2. If this be taken as a broad proposition of law that in all circumstances the junior member will be entitled to sue when the karnavan has failed to do so, it seems to be opposed to all the prior and subsequent decisions which deny such a right of suit to anandravan unless there are special circumstances which justify his bringing such a suit. But if we look to the facts of that case we rind that the two members of the tarwad whose actions were impeached were defendants and all the other members of the tarwad were plaintiffs. Applying the facts to the judgment, the case does come within the principle mentioned above that an anandravan may be permitted to sue when the karnavan had disabled himself from bringing such a suit. In this case the karnavan had, through his agent, another member of the tarwad, made an alienation which was sought to be set aside it would have been difficult for him to have brought the suit to set aside his own transactions and in that view this case is perfectly consistent with the other cases that I have mentioned above and I think that the decision must be read in the light of these facts. There appears to be no other authority opposed to the cases I have cited.

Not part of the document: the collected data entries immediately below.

lemma trace_dF_scaleR:
  "trace_dF (\<lambda>q. \<phi> q *\<^sub>R F q) k p = real CARD('n) * pd k \<phi> p / \<phi> p + trace_dF F k p"
proof -
  have "trace_dF (\<lambda>q. \<phi> q *\<^sub>R F q) k p = (\<Sum>i\<in>UNIV. \<Sum>j\<in>UNIV.
      pd k \<phi> p / \<phi> p * (matrix_inv (F p) $ i $ j * F p $ i $ j) + finv F i j p * pd k (fco F i j) p)"
    unfolding trace_dF_def finv_scaleR[where F = F and \<phi> = \<phi> and p = p, OF nondeg \<phi>(2)] pd_fco_scaleR[where F = F and \<phi> = \<phi> and p = p, OF \<phi>(1) F] using \<phi>(2)
    by (intro sum.cong refl) (simp add: finv_def fco_def field_simps)
  also have "\<dots> = pd k \<phi> p / \<phi> p * (\<Sum>i\<in>UNIV. \<Sum>j\<in>UNIV. matrix_inv (F p) $ i $ j * F p $ i $ j)
      + trace_dF F k p"
    by (simp only: sum.distrib sum_distrib_left trace_dF_def)
  finally show ?thesis by (simp add: sum_matrix_inv_times_symmetric[OF nondeg] symm)
qed

lemma contract_dF_scaleR:
  "contract_dF (\<lambda>q. \<phi> q *\<^sub>R F q) k p = pd k \<phi> p / \<phi> p + contract_dF F k p"
proof -
  have "contract_dF (\<lambda>q. \<phi> q *\<^sub>R F q) k p = (\<Sum>i\<in>UNIV. \<Sum>j\<in>UNIV.
      pd j \<phi> p / \<phi> p * (matrix_inv (F p) $ i $ j * F p $ i $ k) + finv F i j p * pd j (fco F i k) p)"
    unfolding contract_dF_def finv_scaleR[where F = F and \<phi> = \<phi> and p = p, OF nondeg \<phi>(2)] pd_fco_scaleR[where F = F and \<phi> = \<phi> and p = p, OF \<phi>(1) F] using \<phi>(2)
    by (intro sum.cong refl) (simp add: finv_def fco_def field_simps)
  also have "\<dots> = (\<Sum>j\<in>UNIV. pd j \<phi> p / \<phi> p * (\<Sum>i\<in>UNIV. matrix_inv (F p) $ i $ j * F p $ i $ k))
      + contract_dF F k p"
    by (simp add: sum.distrib contract_dF_def sum_distrib_left) (rule sum.swap)
  finally show ?thesis
    by (simp add: sum_matrix_inv_col_symmetric[OF nondeg] symm if_distrib cong: if_cong)
qed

3. On the facts of the present case the appellant has nothing particular in his favour. The karnavan who made the alienation is dead. He was succeeded by another and he is also dead, and very recently the 1st defendant has become the karnavan. In the plaint it is not alleged that plaintiff consulted the 1st defendant or that the 1st defendant was neglecting the interests of the tarwad. In fact, no allegation of misconduct is made against him. It is only here in second appeal that it is said for the first time that the 1st defendant was acting in collusion with the alienee. The suit was brought by the plaintiff nine months before the claim would have become barred and inasmuch as the 1st defendant had only recently assumed office, there is nothing to show that the plaintiff believed that he would not take action if approached in the matter. I think it would be very undesirable to extend the right of an anandravan to bring a suit on behalf of the tarwad for it would lead to multiplicity of litigation and there would be no finality whatever. The case cited have laid down the restrictions which should be imposed on such suits and 1 entirely agree. In that view the plaintiff has not disclosed any cause of action, that is to say, he is not entitled to bring such a suit and the decree of the Lower Court is right.
4. It is unnecessary to consider the other point on which the plaintiff's suit has been dismissed, namely, that of limitation. The second appeal must be dismissed with costs.